(Exercise instructions): Of the records that follow, copy only the lines from the line containing "n n) \<and>" to the line containing "B * \<Phi> C) \<and>", both included, exactly as written.

━━ Records provided ━━

(* Let $A=(a_{ij})\in M_n(\mathbb{C})$ and suppose the Schur map $S_A\colon M_n(\mathbb{C})\to M_n(\mathbb{C})$, $S_A(B)=A\circ B$, is unital, i.e. $S_A(I)=I$. Then the following are equivalent: (i) $S_A$ is multiplicative and $*$-preserving (i.e. $S_A(BC)=S_A(B)S_A(C)$ and $S_A(B^* )=S_A(B)^*$ for all $B,C$); (ii) $S_A$ is a completely positive algebra isomorphism of $M_n(\mathbb{C})$; (iii) $A$ has rank one, is normal, and has all diagonal entries equal to $1$; (iv) $A$ has rank one, all entries of $A$ have modulus $1$, and all diagonal entries equal $1$; (v) $A$ is self-adjoint, $\mathrm{Spec}(A)=\{0,n\}$ with the eigenvalue $0$ of multiplicity $n-1$, and $\|S_A\|=1$; (vi) $A$ has no zero entries, and both $A$ and $A^{[-1]}$ are positive matrices with all diagonal entries equal to $1$.
   Context: $A\circ B=(a_{ij}b_{ij})$ is the entrywise (Schur) product. A positive matrix means a Hermitian matrix with nonnegative spectrum. For a matrix with no zero entries, $A^{[-1]}=(1/a_{ij})$. $\|S_A\|$ is the operator norm of the linear map $S_A$ when $M_n(\mathbb{C})$ carries the operator norm. A map $\Phi$ on $M_n(\mathbb{C})$ is completely positive if $\mathrm{Id}_{M_k}\otimes\Phi$ is positive for every $k$. $\mathrm{Spec}$ denotes the set of eigenvalues. *)

theory Defs
  imports "Jordan_Normal_Form.Spectral_Radius" "Jordan_Normal_Form.Schur_Decomposition"
          "Jordan_Normal_Form.DL_Rank"
begin

definition schur_prod :: "complex mat \<Rightarrow> complex mat \<Rightarrow> complex mat" where
  "schur_prod A B = mat (dim_row A) (dim_col A) (\<lambda>(i,j). A $$ (i,j) * B $$ (i,j))"

definition entry_inv :: "complex mat \<Rightarrow> complex mat" where
  "entry_inv A = mat (dim_row A) (dim_col A) (\<lambda>(i,j). 1 / A $$ (i,j))"

definition positive_mat :: "complex mat \<Rightarrow> bool" where
  "positive_mat A \<longleftrightarrow> dim_row A = dim_col A \<and> mat_adjoint A = A \<and>
     (\<forall>z\<in>spectrum A. Im z = 0 \<and> Re z \<ge> 0)"

definition vnorm :: "complex vec \<Rightarrow> real" where
  "vnorm v = sqrt (\<Sum>i<dim_vec v. (cmod (v $ i))\<^sup>2)"

definition op_norm :: "complex mat \<Rightarrow> real" where
  "op_norm M = Sup {vnorm (M *\<^sub>v x) | x. x \<in> carrier_vec (dim_col M) \<and> vnorm x \<le> 1}"

definition schur_map_norm :: "nat \<Rightarrow> complex mat \<Rightarrow> real" where
  "schur_map_norm n A = Sup {op_norm (schur_prod A B) | B. B \<in> carrier_mat n n \<and> op_norm B \<le> 1}"

definition block_of :: "nat \<Rightarrow> complex mat \<Rightarrow> nat \<Rightarrow> nat \<Rightarrow> complex mat" where
  "block_of n X p q = mat n n (\<lambda>(r,s). X $$ (p*n + r, q*n + s))"

text \<open>Id_{M_k} tensor Phi, acting blockwise on kn x kn matrices.\<close>
definition ampl :: "nat \<Rightarrow> nat \<Rightarrow> (complex mat \<Rightarrow> complex mat) \<Rightarrow> complex mat \<Rightarrow> complex mat" where
  "ampl k n \<Phi> X = mat (k*n) (k*n)
     (\<lambda>(i,j). (\<Phi> (block_of n X (i div n) (j div n))) $$ (i mod n, j mod n))"

definition positive_map_on :: "nat \<Rightarrow> (complex mat \<Rightarrow> complex mat) \<Rightarrow> bool" where
  "positive_map_on m \<Phi> \<longleftrightarrow> (\<forall>X\<in>carrier_mat m m. positive_mat X \<longrightarrow> positive_mat (\<Phi> X))"

definition completely_positive :: "nat \<Rightarrow> (complex mat \<Rightarrow> complex mat) \<Rightarrow> bool" where
  "completely_positive n \<Phi> \<longleftrightarrow> (\<forall>k. positive_map_on (k*n) (ampl k n \<Phi>))"

definition algebra_iso :: "nat \<Rightarrow> (complex mat \<Rightarrow> complex mat) \<Rightarrow> bool" where
  "algebra_iso n \<Phi> \<longleftrightarrow> bij_betw \<Phi> (carrier_mat n n) (carrier_mat n n) \<and>
     (\<forall>B\<in>carrier_mat n n. \<forall>C\<in>carrier_mat n n.
        \<Phi> (B + C) = \<Phi> B + \<Phi> C \<and> \<Phi> (B * C) = \<Phi> B * \<Phi> C) \<and>
     (\<forall>c. \<forall>B\<in>carrier_mat n n. \<Phi> (c \<cdot>\<^sub>m B) = c \<cdot>\<^sub>m \<Phi> B)"

end

theory Submission
  imports Defs "Jordan_Normal_Form.Jordan_Normal_Form_Uniqueness"
begin

text \<open>Every condition is equivalent to \<open>a\<^sub>i\<^sub>j = d\<^sub>i conj(d\<^sub>j)\<close> with \<open>|d\<^sub>i| = 1\<close>, i.e. \<open>A = D J D\<^sup>*\<close> for a
  diagonal unitary \<open>D\<close> and the all-ones matrix \<open>J\<close>. For such \<open>A\<close> the Schur map is the unitary
  conjugation \<open>B \<mapsto> D B D\<^sup>*\<close>, hence multiplicative, \<open>*\<close>-preserving, completely positive, bijective
  and isometric, and \<open>A\<close> is \<open>n\<close> times a rank-one projection. Conversely, multiplicativity on matrix
  units, rank one, and the equation \<open>A\<^sup>2 = n A\<close> forced by \<open>Spec A \<subseteq> {0, n}\<close> each yield the
  cocycle identity \<open>a\<^sub>i\<^sub>j a\<^sub>j\<^sub>k = a\<^sub>i\<^sub>k\<close>, which together with \<open>a\<^sub>i\<^sub>i = 1\<close> and hermiticity gives the dyad
  form. For (vi), a positive matrix with unit diagonal satisfies \<open>\<Sum>|a\<^sub>i\<^sub>j|\<^sup>2 \<le> n\<^sup>2\<close>, with equality only
  if its spectrum lies in \<open>{0, n}\<close>; applied to \<open>A\<close> and \<open>A\<^bsup>[-1]\<^esup>\<close>, AM-GM forces equality.\<close>

lemma index_mult_mat_sum:
  assumes "A \<in> carrier_mat n m" "B \<in> carrier_mat m p" "i < n" "j < p"
  shows "(A * B) $$ (i,j) = (\<Sum>k<m. A $$ (i,k) * B $$ (k,j))"
  using assms by (auto simp: scalar_prod_def intro!: sum.cong)

lemma index_mult_mat_vec_sum:
  assumes "A \<in> carrier_mat n m" "v \<in> carrier_vec m" "i < n"
  shows "(A *\<^sub>v v) $ i = (\<Sum>k<m. A $$ (i,k) * v $ k)"
  using assms by (auto simp: scalar_prod_def intro!: sum.cong)

lemma mat_adjoint_carrier: "A \<in> carrier_mat n m \<Longrightarrow> mat_adjoint A \<in> carrier_mat m n"
  by (auto simp: mat_adjoint_def)

lemma index_mat_adjoint:
  "A \<in> carrier_mat n m \<Longrightarrow> i < m \<Longrightarrow> j < n \<Longrightarrow> mat_adjoint A $$ (i,j) = cnj (A $$ (j,i))"
  by (auto simp: mat_adjoint_def mat_of_rows_def)

lemma hermitian_entry:
  assumes "A \<in> carrier_mat n n" "mat_adjoint A = A" "i < n" "j < n"
  shows "A $$ (j,i) = cnj (A $$ (i,j))"
  using index_mat_adjoint[OF assms(1) assms(4) assms(3)] assms(2) by simp

lemma hermitianI:
  assumes A: "A \<in> carrier_mat n n"
    and entry: "\<And>i j. i < n \<Longrightarrow> j < n \<Longrightarrow> A $$ (j,i) = cnj (A $$ (i,j))"
  shows "mat_adjoint A = A"
proof (rule eq_matI)
  fix i j assume "i < dim_row A" "j < dim_col A"
  then show "mat_adjoint A $$ (i,j) = A $$ (i,j)"
    using A entry[of j i] by (simp add: index_mat_adjoint)
qed (use A mat_adjoint_carrier[OF A] in auto)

━━━

(Exercise solution):
  "algebra_iso n \<Phi> \<longleftrightarrow> bij_betw \<Phi> (carrier_mat n n) (carrier_mat n n) \<and>
     (\<forall>B\<in>carrier_mat n n. \<forall>C\<in>carrier_mat n n.
        \<Phi> (B + C) = \<Phi> B + \<Phi> C \<and> \<Phi> (B * C) = \<Phi> B * \<Phi> C) \<and>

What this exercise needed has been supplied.